Work instructions - Repeat the listing exactly, line by line.

=======

lemma J_e_quotient_tendsto_ct:
  assumes "is_ideal J" and "a \<subseteq> radical J"
  shows "(\<lambda>e. fthr (J_e J p e) a p / real p ^ e) \<longlonglongrightarrow> ct J a p"
proof -
  let ?\<gamma> = "\<lambda>e. fthr (J_e J p e) a p / real p ^ e"
  let ?\<beta> = "\<lambda>e. real (bJ J a p e) / real p ^ e"
  have bJ_le: "real (bJ J a p e) \<le> fthr (J_e J p e) a p" for e
    using nu_quotient_le_fthr[OF subset_radical_J_e[OF assms], of e 0]
    by (simp add: bJ_eq_nu_J_e[OF assms(1)])
  have le_bJ: "fthr (J_e J p e) a p \<le> real (bJ J a p e) + (1 + card S)" for e
    using fthr_le[OF subset_radical_J_e[OF assms], of e] by (simp add: bJ_eq_nu_J_e[OF assms(1)])
  have "0 \<le> ?\<gamma> e" for e
    using bJ_le[of e] by (simp add: order_trans[OF of_nat_0_le_iff])
  then obtain L where \<gamma>: "?\<gamma> \<longlonglongrightarrow> L"
    using decseq_convergent[OF decseq_J_e_quotient[OF assms]] by blast
  have "?\<beta> \<longlonglongrightarrow> L"
  proof (rule tendsto_sandwich[OF _ _ _ \<gamma>])
    show "(\<lambda>e. ?\<gamma> e - (1 + card S) / real p ^ e) \<longlonglongrightarrow> L"
      using tendsto_diff[OF \<gamma> LIMSEQ_divide_realpow_zero[OF real_p_gt_1]] by simp
    have "?\<gamma> e - (1 + card S) / real p ^ e \<le> ?\<beta> e" for e
      unfolding diff_divide_distrib[symmetric]
      by (rule divide_right_mono) (use le_bJ[of e] in simp_all)
    then show "\<forall>\<^sub>F e in sequentially. ?\<gamma> e - (1 + card S) / real p ^ e \<le> ?\<beta> e"
      by simp
    show "\<forall>\<^sub>F e in sequentially. ?\<beta> e \<le> ?\<gamma> e"
      using bJ_le by (intro always_eventually allI divide_right_mono) simp_all
  qed
  then have "ct J a p = L"
    unfolding ct_def by (rule limI)
  with \<gamma> show ?thesis
    by simp
qed

end
(* Let $\mathcal{T} = \{\tau_1, \ldots, \tau_{i-1}, \tau_i\}$ be a set of tasks scheduled by preemptive fixed-priority scheduling on a single processor, ordered by decreasing priority ($\tau_1$ highest), where each task $\tau_j$ has worst-case computation time $C_j$, period (minimum inter-arrival time) $T_j$ and relative deadline $D_j$ (possibly $D_j > T_j$), with zero jitter. Let $H_i = \mathrm{lcm}(T_1, \ldots, T_i)$ and $h_i = H_i / T_i$. For $h \geq 1$, let $\mathcal{T}^{(h)}$ be the task set obtained from $\mathcal{T}$ by replacing $\tau_i$ with a task $\tau_i^{(h)}$ having computation time $C_i^{(h)} = h C_i$, deadline $D_i^{(h)} = (h-1) T_i + D_i$, the same period $T_i$ and the same priority as $\tau_i$. If for every $h = 1, \ldots, h_i$ the task $\tau_i^{(h)}$ completes before its deadline when scheduled in $\mathcal{T}^{(h)}$, then the first $h_i$ jobs of $\tau_i$ (scheduled in $\mathcal{T}$) also complete before their deadlines.
   Context: A task $\tau_j$ releases an infinite sequence of jobs; the $k$-th job is activated at $a_{j,k}$, consecutive activations being separated by (at least) $T_j$, executes for at most $C_j$ time units and must finish by $a_{j,k} + D_j$. Under preemptive fixed-priority scheduling, at any time the processor executes the pending job of highest priority, and jobs of a task are executed in activation order (a job cannot start before the previous job of the same task has completed). *)

theory Defs
  imports Main
begin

=======

Solution to this exercise -
lemma J_e_quotient_tendsto_ct:
  assumes "is_ideal J" and "a \<subseteq> radical J"
  shows "(\<lambda>e. fthr (J_e J p e) a p / real p ^ e) \<longlonglongrightarrow> ct J a p"
proof -
  let ?\<gamma> = "\<lambda>e. fthr (J_e J p e) a p / real p ^ e"
  let ?\<beta> = "\<lambda>e. real (bJ J a p e) / real p ^ e"
  have bJ_le: "real (bJ J a p e) \<le> fthr (J_e J p e) a p" for e
    using nu_quotient_le_fthr[OF subset_radical_J_e[OF assms], of e 0]
    by (simp add: bJ_eq_nu_J_e[OF assms(1)])
  have le_bJ: "fthr (J_e J p e) a p \<le> real (bJ J a p e) + (1 + card S)" for e
    using fthr_le[OF subset_radical_J_e[OF assms], of e] by (simp add: bJ_eq_nu_J_e[OF assms(1)])
  have "0 \<le> ?\<gamma> e" for e
    using bJ_le[of e] by (simp add: order_trans[OF of_nat_0_le_iff])
  then obtain L where \<gamma>: "?\<gamma> \<longlonglongrightarrow> L"
    using decseq_convergent[OF decseq_J_e_quotient[OF assms]] by blast
  have "?\<beta> \<longlonglongrightarrow> L"
  proof (rule tendsto_sandwich[OF _ _ _ \<gamma>])
    show "(\<lambda>e. ?\<gamma> e - (1 + card S) / real p ^ e) \<longlonglongrightarrow> L"
      using tendsto_diff[OF \<gamma> LIMSEQ_divide_realpow_zero[OF real_p_gt_1]] by simp
    have "?\<gamma> e - (1 + card S) / real p ^ e \<le> ?\<beta> e" for e
      unfolding diff_divide_distrib[symmetric]
      by (rule divide_right_mono) (use le_bJ[of e] in simp_all)
    then show "\<forall>\<^sub>F e in sequentially. ?\<gamma> e - (1 + card S) / real p ^ e \<le> ?\<beta> e"
      by simp
    show "\<forall>\<^sub>F e in sequentially. ?\<beta> e \<le> ?\<gamma> e"
      using bJ_le by (intro always_eventually allI divide_right_mono) simp_all
  qed
  then have "ct J a p = L"
    unfolding ct_def by (rule limI)
  with \<gamma> show ?thesis
    by simp
qed

end
(* Let $\mathcal{T} = \{\tau_1, \ldots, \tau_{i-1}, \tau_i\}$ be a set of tasks scheduled by preemptive fixed-priority scheduling on a single processor, ordered by decreasing priority ($\tau_1$ highest), where each task $\tau_j$ has worst-case computation time $C_j$, period (minimum inter-arrival time) $T_j$ and relative deadline $D_j$ (possibly $D_j > T_j$), with zero jitter. Let $H_i = \mathrm{lcm}(T_1, \ldots, T_i)$ and $h_i = H_i / T_i$. For $h \geq 1$, let $\mathcal{T}^{(h)}$ be the task set obtained from $\mathcal{T}$ by replacing $\tau_i$ with a task $\tau_i^{(h)}$ having computation time $C_i^{(h)} = h C_i$, deadline $D_i^{(h)} = (h-1) T_i + D_i$, the same period $T_i$ and the same priority as $\tau_i$. If for every $h = 1, \ldots, h_i$ the task $\tau_i^{(h)}$ completes before its deadline when scheduled in $\mathcal{T}^{(h)}$, then the first $h_i$ jobs of $\tau_i$ (scheduled in $\mathcal{T}$) also complete before their deadlines.
   Context: A task $\tau_j$ releases an infinite sequence of jobs; the $k$-th job is activated at $a_{j,k}$, consecutive activations being separated by (at least) $T_j$, executes for at most $C_j$ time units and must finish by $a_{j,k} + D_j$. Under preemptive fixed-priority scheduling, at any time the processor executes the pending job of highest priority, and jobs of a task are executed in activation order (a job cannot start before the previous job of the same task has completed). *)

theory Defs
  imports Main
begin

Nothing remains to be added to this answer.